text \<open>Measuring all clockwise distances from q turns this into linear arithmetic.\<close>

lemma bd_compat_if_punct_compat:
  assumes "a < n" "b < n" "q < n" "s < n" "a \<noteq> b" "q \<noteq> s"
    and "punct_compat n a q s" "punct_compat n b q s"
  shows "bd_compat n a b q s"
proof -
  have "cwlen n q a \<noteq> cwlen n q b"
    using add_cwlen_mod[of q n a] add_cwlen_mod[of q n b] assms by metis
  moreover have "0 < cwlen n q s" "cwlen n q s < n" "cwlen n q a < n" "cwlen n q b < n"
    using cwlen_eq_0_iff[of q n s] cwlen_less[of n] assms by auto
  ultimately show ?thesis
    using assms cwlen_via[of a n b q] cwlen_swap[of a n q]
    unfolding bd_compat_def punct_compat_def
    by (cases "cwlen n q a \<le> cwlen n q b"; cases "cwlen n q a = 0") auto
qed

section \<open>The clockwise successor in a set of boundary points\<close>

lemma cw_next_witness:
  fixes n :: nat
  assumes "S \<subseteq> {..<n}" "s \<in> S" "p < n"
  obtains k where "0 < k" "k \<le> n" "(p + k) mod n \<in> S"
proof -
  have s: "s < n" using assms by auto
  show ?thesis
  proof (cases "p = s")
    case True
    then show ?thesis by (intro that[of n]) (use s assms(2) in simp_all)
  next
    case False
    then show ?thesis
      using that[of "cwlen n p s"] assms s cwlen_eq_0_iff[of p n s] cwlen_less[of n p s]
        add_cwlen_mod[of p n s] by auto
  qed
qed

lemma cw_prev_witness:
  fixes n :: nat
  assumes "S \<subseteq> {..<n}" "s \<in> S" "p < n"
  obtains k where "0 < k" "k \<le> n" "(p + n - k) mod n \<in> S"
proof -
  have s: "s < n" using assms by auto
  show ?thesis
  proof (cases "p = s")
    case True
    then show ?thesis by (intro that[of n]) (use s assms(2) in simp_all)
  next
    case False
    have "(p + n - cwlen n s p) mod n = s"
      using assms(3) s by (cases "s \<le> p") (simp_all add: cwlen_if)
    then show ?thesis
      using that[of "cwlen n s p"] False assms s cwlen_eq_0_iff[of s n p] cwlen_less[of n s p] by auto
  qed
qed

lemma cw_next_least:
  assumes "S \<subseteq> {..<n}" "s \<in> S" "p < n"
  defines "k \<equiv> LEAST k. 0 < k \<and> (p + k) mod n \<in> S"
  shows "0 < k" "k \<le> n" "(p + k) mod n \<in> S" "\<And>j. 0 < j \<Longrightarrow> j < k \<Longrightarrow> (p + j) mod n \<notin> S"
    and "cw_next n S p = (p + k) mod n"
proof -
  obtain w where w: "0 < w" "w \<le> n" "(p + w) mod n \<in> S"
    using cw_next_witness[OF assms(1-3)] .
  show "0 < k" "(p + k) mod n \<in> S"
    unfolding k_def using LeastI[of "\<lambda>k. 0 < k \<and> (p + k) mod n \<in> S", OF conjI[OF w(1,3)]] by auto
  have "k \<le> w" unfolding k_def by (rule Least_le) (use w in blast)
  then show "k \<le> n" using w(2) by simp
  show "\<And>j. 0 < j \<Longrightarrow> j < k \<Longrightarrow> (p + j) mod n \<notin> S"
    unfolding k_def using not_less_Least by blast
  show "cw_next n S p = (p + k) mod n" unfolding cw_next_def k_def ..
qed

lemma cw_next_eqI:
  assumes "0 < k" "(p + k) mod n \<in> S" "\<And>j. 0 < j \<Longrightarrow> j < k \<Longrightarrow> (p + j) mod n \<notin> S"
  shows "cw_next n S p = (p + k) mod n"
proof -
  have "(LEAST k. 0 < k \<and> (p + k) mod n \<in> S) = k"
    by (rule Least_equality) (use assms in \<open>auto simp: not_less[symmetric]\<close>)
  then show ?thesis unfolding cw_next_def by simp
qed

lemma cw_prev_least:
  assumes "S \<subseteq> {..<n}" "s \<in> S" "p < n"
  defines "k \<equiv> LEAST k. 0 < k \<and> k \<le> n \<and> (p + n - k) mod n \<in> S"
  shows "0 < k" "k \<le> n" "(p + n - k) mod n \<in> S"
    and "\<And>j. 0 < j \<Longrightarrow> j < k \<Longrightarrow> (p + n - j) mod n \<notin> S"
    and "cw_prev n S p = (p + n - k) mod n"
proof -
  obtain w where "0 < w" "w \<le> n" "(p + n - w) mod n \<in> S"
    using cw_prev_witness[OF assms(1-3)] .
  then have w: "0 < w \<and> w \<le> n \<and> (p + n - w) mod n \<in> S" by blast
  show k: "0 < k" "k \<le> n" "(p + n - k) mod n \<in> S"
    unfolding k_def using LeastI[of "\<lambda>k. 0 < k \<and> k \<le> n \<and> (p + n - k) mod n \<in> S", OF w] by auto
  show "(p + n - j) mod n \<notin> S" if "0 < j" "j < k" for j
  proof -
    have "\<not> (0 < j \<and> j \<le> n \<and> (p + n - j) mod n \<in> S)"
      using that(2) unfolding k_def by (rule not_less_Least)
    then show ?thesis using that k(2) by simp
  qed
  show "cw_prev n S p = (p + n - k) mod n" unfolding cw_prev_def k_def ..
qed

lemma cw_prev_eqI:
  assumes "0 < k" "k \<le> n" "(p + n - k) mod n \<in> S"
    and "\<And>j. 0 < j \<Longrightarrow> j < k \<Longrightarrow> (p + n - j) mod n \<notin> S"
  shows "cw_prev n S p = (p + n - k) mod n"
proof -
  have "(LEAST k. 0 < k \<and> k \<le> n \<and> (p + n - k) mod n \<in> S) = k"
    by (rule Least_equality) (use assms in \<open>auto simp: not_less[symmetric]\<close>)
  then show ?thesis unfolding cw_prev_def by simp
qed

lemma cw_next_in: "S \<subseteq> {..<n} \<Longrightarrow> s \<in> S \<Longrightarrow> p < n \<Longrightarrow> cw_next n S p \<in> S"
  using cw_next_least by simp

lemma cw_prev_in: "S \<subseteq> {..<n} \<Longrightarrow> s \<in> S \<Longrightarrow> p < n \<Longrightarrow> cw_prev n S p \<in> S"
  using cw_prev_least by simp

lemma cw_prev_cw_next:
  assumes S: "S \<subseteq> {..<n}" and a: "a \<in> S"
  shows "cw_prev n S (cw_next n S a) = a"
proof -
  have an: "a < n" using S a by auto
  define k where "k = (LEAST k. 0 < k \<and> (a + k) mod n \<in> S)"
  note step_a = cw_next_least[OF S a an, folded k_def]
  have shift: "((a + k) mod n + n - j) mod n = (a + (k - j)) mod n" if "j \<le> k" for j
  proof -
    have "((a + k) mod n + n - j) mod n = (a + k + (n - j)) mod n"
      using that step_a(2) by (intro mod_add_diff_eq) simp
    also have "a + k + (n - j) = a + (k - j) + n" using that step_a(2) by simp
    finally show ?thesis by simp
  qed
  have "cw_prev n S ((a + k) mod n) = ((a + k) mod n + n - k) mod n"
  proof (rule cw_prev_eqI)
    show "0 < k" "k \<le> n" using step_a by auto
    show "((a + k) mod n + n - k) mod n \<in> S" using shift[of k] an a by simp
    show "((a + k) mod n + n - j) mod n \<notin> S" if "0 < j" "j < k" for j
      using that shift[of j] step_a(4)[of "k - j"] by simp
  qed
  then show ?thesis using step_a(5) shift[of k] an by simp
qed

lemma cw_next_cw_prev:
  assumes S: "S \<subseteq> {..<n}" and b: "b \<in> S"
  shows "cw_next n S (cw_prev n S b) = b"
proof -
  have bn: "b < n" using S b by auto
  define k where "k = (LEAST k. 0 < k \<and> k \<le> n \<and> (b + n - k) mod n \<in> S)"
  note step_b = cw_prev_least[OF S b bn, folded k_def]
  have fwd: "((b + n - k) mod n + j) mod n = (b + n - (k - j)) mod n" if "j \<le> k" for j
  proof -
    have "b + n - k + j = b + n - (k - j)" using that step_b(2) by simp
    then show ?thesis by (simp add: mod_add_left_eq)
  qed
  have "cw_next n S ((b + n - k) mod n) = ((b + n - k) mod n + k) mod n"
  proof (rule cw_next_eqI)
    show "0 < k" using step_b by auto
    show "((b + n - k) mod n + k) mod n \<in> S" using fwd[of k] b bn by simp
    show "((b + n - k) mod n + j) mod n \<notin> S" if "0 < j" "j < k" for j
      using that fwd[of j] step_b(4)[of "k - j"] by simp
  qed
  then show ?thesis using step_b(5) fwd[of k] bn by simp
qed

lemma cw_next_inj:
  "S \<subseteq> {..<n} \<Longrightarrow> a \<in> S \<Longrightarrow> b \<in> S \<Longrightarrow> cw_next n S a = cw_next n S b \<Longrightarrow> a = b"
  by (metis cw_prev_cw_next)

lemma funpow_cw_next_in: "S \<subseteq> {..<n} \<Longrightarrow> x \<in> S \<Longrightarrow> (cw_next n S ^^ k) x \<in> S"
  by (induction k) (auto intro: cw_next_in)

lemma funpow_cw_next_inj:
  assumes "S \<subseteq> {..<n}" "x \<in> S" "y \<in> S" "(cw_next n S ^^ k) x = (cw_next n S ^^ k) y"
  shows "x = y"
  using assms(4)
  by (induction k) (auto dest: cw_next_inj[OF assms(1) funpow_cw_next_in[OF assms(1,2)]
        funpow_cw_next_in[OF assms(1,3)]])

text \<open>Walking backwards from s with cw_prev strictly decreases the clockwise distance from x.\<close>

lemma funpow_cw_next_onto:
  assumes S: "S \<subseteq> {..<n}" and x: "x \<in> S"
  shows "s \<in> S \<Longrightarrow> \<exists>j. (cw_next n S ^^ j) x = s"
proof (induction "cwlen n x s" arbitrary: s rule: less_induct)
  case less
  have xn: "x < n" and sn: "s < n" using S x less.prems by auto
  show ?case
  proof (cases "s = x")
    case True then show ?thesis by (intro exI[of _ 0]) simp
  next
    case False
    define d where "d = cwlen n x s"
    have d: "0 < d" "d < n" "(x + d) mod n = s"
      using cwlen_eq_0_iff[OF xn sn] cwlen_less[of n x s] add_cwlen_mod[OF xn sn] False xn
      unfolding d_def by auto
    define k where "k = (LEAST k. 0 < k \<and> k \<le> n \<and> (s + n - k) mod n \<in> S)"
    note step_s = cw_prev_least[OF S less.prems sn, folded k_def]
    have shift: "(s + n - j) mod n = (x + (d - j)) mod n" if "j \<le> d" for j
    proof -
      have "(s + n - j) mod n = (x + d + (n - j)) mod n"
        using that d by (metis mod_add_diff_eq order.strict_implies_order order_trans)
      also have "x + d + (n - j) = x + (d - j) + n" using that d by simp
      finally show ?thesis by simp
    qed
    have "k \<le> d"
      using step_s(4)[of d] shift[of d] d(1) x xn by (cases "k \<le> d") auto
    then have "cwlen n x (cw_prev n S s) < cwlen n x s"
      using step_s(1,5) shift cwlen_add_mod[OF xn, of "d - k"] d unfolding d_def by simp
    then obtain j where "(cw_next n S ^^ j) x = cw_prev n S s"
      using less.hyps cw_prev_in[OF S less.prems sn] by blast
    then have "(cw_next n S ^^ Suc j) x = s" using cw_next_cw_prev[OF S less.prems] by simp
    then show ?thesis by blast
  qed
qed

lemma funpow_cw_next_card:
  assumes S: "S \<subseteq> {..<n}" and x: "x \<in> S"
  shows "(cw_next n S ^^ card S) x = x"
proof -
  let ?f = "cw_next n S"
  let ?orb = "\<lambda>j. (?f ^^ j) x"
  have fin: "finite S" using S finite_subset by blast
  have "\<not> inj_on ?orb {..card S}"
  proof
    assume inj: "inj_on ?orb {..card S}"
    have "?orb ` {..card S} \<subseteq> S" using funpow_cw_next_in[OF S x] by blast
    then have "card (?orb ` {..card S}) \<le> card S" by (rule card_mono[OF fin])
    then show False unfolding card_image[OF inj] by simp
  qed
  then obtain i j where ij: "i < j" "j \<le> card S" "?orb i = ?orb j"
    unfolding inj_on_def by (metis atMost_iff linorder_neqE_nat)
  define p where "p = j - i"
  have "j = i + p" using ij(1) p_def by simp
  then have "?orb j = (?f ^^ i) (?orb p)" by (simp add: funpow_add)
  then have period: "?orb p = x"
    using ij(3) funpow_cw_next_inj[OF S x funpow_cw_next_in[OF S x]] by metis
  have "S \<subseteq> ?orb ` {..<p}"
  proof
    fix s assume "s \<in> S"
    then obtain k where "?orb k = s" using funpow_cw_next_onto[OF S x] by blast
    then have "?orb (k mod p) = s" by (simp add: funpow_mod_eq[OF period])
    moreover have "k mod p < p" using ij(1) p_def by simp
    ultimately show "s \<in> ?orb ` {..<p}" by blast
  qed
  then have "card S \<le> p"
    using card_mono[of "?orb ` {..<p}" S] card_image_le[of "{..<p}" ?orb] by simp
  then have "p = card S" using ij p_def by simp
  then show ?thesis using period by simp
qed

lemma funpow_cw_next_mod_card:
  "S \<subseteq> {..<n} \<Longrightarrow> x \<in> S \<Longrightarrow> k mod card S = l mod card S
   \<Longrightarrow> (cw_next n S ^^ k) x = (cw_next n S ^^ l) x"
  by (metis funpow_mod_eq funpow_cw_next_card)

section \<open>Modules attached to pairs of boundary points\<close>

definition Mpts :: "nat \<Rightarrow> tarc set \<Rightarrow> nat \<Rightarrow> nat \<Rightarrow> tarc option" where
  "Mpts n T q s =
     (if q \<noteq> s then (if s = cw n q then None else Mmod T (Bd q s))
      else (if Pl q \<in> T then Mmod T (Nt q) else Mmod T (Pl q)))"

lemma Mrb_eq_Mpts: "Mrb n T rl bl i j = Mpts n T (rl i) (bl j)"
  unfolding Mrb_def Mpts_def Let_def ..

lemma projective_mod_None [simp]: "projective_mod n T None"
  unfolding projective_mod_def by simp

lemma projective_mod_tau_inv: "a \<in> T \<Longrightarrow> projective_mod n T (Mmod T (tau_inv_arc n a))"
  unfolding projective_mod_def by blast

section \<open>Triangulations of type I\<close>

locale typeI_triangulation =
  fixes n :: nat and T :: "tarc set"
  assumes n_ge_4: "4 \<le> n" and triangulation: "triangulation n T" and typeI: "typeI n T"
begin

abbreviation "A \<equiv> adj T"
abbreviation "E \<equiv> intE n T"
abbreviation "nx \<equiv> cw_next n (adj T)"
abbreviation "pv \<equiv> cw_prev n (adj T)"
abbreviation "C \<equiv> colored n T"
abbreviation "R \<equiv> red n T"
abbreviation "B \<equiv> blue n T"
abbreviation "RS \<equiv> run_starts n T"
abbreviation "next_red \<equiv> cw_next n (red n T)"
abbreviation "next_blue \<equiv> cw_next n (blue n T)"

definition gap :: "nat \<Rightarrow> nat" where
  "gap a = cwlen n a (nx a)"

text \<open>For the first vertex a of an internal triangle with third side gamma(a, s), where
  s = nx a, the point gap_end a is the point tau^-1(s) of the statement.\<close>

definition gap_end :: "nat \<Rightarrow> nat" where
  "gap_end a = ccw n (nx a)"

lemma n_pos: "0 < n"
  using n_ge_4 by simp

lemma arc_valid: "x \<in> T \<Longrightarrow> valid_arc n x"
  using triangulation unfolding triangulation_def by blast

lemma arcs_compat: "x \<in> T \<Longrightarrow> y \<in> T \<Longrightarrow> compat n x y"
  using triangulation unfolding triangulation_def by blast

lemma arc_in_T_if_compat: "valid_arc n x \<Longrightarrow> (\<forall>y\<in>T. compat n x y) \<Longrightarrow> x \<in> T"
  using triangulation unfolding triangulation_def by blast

──────────────────────────────

● **WHAT YOU SHOULD DO**
Copy all lines from the listing that contain "blue".

● **RESPONSE AREA**
abbreviation "B \<equiv> blue n T"
abbreviation "next_blue \<equiv> cw_next n (blue n T)"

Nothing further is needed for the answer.